W667 Genomics of Hybridization Among Sonoran Desert Selaginella

Date: Saturday, January 14, 2012
Time: 10:40 AM
Room: Golden Ballroom
Nils Arrigo , University of Arizona, Tucson, AZ
Michael S. Barker , University of Arizona, Tucson, AZ
Hybridization - the crossing of two species - is an important evolutionary trigger by initiating gene flow processes, thus increasing species diversity, transferring adaptations and reinforcing or breaking down reproductive barriers. An additional by-product of hybridization is the emergence of new species. The process takes place either through allopolyploidy or homoploid speciation and occurs in a context of sympatric speciation. Indeed, hybrids arise where the parental species are already established and thus endure harsh ecological competition, along with recurrent gene flow, during the early stages of speciation. As a consequence, the emergence of successful hybrid species remains uncommon and often requires ecological and reproductive isolation mechanisms to escape from the parental constraints.

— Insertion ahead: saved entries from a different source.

lemma crossing_free_cyclic_shift_Suc:
  assumes "crossing_free n h E"
  shows "crossing_free n (\<lambda>k. h (Suc k mod n)) E"
  unfolding crossing_free_def
proof (intro allI impI notI)
  fix a b c d
  assume abcd: "a < c \<and> c < b \<and> b < d \<and> d < n \<and> {h (Suc a mod n), h (Suc b mod n)} \<in> E"
    and cd: "{h (Suc c mod n), h (Suc d mod n)} \<in> E"
  have small: "Suc a mod n = Suc a" "Suc b mod n = Suc b" "Suc c mod n = Suc c"
    using abcd by auto
  show False
  proof (cases "Suc d < n")
    case True
    then show False
      using crossing_freeD[OF assms, of "Suc a" "Suc c" "Suc b" "Suc d"] abcd cd small by auto
  next
    case False
    \<comment> \<open>the chord to the last vertex wraps around to vertex 0 and crosses ab from the other side\<close>
    then have "Suc d = n"
      using abcd by simp
    then have "Suc d mod n = 0"
      by simp
    then have "{h 0, h (Suc c)} \<in> E"
      using cd small by (simp add: insert_commute)
    then show False
      using crossing_freeD[OF assms, of 0 "Suc a" "Suc c" "Suc b"] abcd small by auto
  qed
qed

lemma crossing_free_cyclic_shift:
  assumes "crossing_free n h E"
  shows "crossing_free n (cyclic_shift n s h) E"
proof (induction s)
  case 0
  show ?case
    by (rule crossing_free_cong[OF _ assms]) (simp add: cyclic_shift_def)
next
  case (Suc s)
  show ?case
    by (rule crossing_free_cong[OF _ crossing_free_cyclic_shift_Suc[OF Suc]])
      (simp add: cyclic_shift_def mod_add_left_eq)
qed

lemma cyclic_offset_mod:
  fixes a b n s :: nat
  assumes "a < n" "b < n"
  shows "((b + s) mod n + n - (a + s) mod n) mod n = (b + n - a) mod n"
proof -
  have le: "(a + s) mod n \<le> (b + s) mod n + n"
    using assms by (simp add: less_imp_le_nat trans_le_add2)
  have "int (((b + s) mod n + n - (a + s) mod n) mod n)
      = ((int b + int s) mod int n + int n - (int a + int s) mod int n) mod int n"
    by (simp only: zmod_int of_nat_diff[OF le] of_nat_add)
  also have "\<dots> = ((int b + int s) mod int n + (int n - (int a + int s))) mod int n"
    by (simp only: mod_diff_right_eq add_diff_eq)
  also have "\<dots> = (int b + int s + (int n - (int a + int s))) mod int n"
    by (rule mod_add_left_eq)
  also have "\<dots> = int ((b + n - a) mod n)"
    using assms by (simp add: of_nat_diff zmod_int algebra_simps)
  finally show ?thesis
    by simp
qed
lemma is_norm_le_norm:
  assumes "is_norm N"
  obtains b where "b > 0" "\<And>v. N v \<le> b * norm v"
proof
  define b where "b = (\<Sum>i\<in>Basis. N i) + 1"
  show "b > 0"
    unfolding b_def using is_norm_nonneg[OF assms] by (smt (verit) sum_nonneg)
  fix v :: 'a
  have "N v = N (\<Sum>i\<in>Basis. (v \<bullet> i) *\<^sub>R i)"
    by (simp add: euclidean_representation)
  also have "\<dots> \<le> (\<Sum>i\<in>Basis. N ((v \<bullet> i) *\<^sub>R i))"
    by (rule is_norm_sum_le[OF assms]) simp
  also have "\<dots> = (\<Sum>i\<in>Basis. \<bar>v \<bullet> i\<bar> * N i)"
    by (simp add: is_norm_scaleR[OF assms])
  also have "\<dots> \<le> (\<Sum>i\<in>Basis. norm v * N i)"
    by (intro sum_mono mult_right_mono Basis_le_norm is_norm_nonneg[OF assms])
  also have "\<dots> \<le> b * norm v"
    unfolding b_def by (simp add: sum_distrib_left algebra_simps)
  finally show "N v \<le> b * norm v" .
qed

lemma continuous_on_is_norm:
  assumes "is_norm N"
  shows "continuous_on S N"
proof -
  obtain b where b: "b > 0" "\<And>v. N v \<le> b * norm v"
    using is_norm_le_norm[OF assms] by blast
  have "dist (N u) (N v) \<le> b * dist u v" for u v
    using is_norm_triangle[OF assms, of v "u - v"] is_norm_triangle[OF assms, of u "v - u"]
      b(2)[of "u - v"] b(2)[of "v - u"]
    by (simp add: dist_real_def dist_norm norm_minus_commute abs_le_iff)
  then have "b-lipschitz_on S N"
    using b(1) by (intro lipschitz_onI) auto
  then show ?thesis
    by (rule lipschitz_on_continuous_on)
qed

lemma is_norm_ge_norm:
  assumes "is_norm N"
  obtains a where "a > 0" "\<And>v::'a::euclidean_space. a * norm v \<le> N v"
proof -
  obtain u :: 'a where u: "norm u = 1" "\<And>v. norm v = 1 \<Longrightarrow> N u \<le> N v"
    using continuous_attains_inf[of "sphere 0 1" N] continuous_on_is_norm[OF assms] by auto
  have "N u > 0"
    using assms u(1) unfolding is_norm_def by (metis less_eq_real_def norm_zero zero_neq_one)
  moreover have "N u * norm v \<le> N v" for v
  proof (cases "v = 0")
    case True
    then show ?thesis by (simp add: is_norm_nonneg[OF assms])
  next
    case False
    have "N u \<le> N ((1 / norm v) *\<^sub>R v)"
      using False by (intro u(2)) simp
    also have "\<dots> = N v / norm v"
      by (simp add: is_norm_scaleR[OF assms])
    finally show ?thesis
      using False by (simp add: field_simps)
  qed
  ultimately show thesis
    using that by blast
qed

lemma open_is_norm_ball:
  assumes "is_norm N"
  shows "open {y. N (y - p) < t}"
  by (intro open_Collect_less continuous_on_compose2[OF continuous_on_is_norm[OF assms]])
    (auto intro!: continuous_intros)

section \<open>Sets whose density stays below one are negligible\<close>

lemma emeasure_le_disjoint_family_cover:
  fixes t :: ennreal
  assumes S: "S \<in> sets M" and C: "countable C" and disj: "disjoint_family_on B C"
    and B: "\<And>i. i \<in> C \<Longrightarrow> B i \<in> sets M"
    and density: "\<And>i. i \<in> C \<Longrightarrow> emeasure M (S \<inter> B i) \<le> t * emeasure M (B i)"
    and null: "S - (\<Union>i\<in>C. B i) \<in> null_sets M"
  shows "emeasure M S \<le> t * emeasure M (\<Union>i\<in>C. B i)"
proof -
  have SB: "(\<Union>i\<in>C. S \<inter> B i) \<in> sets M"
    using S B C by (intro sets.countable_UN'') auto
  have "emeasure M S = emeasure M ((\<Union>i\<in>C. S \<inter> B i) \<union> (S - (\<Union>i\<in>C. B i)))"
    by (rule arg_cong[where f = "emeasure M"]) blast
  also have "\<dots> = emeasure M (\<Union>i\<in>C. S \<inter> B i)"
    by (rule emeasure_Un_null_set[OF SB null])
  also have "\<dots> = (\<integral>\<^sup>+i. emeasure M (S \<inter> B i) \<partial>count_space C)"
    using S B disj by (intro emeasure_UN_countable[OF _ C]) (auto simp: disjoint_family_on_def)
  also have "\<dots> \<le> (\<integral>\<^sup>+i. t * emeasure M (B i) \<partial>count_space C)"
    using density by (intro nn_integral_mono) auto
  also have "\<dots> = t * (\<integral>\<^sup>+i. emeasure M (B i) \<partial>count_space C)"
    by (rule nn_integral_cmult) simp
  also have "\<dots> = t * emeasure M (\<Union>i\<in>C. B i)"
    using B disj by (simp add: emeasure_UN_countable[OF _ C])
  finally show ?thesis .
qed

We first evaluate the evolutionary success of hybrid plant species, by adressing speciation versus extinction rates of a collection of homoploid and allopolyploid species, using a phylogenetic framework. We then focus on a hybrid zone in Arizona, between two North American Selaginella species (Lycophyte), where successful hybrid populations occur. The hybrids grow independently from their parental species and are fully fertile. We investigate what ecological and genetic features differentiate these successful hybrids from their parental species, using ecological niche modelling and next generation sequencing. Due to their small genome sizes (50 and 70Mb for the parental species, S. eremophila and S. arizonica), we expect to produce high quality assemblies and assess whether significant genome rearrangements have occurred in the hybrid lineage, a feature that is highly indicative of genetic isolation between hybrids and parent species.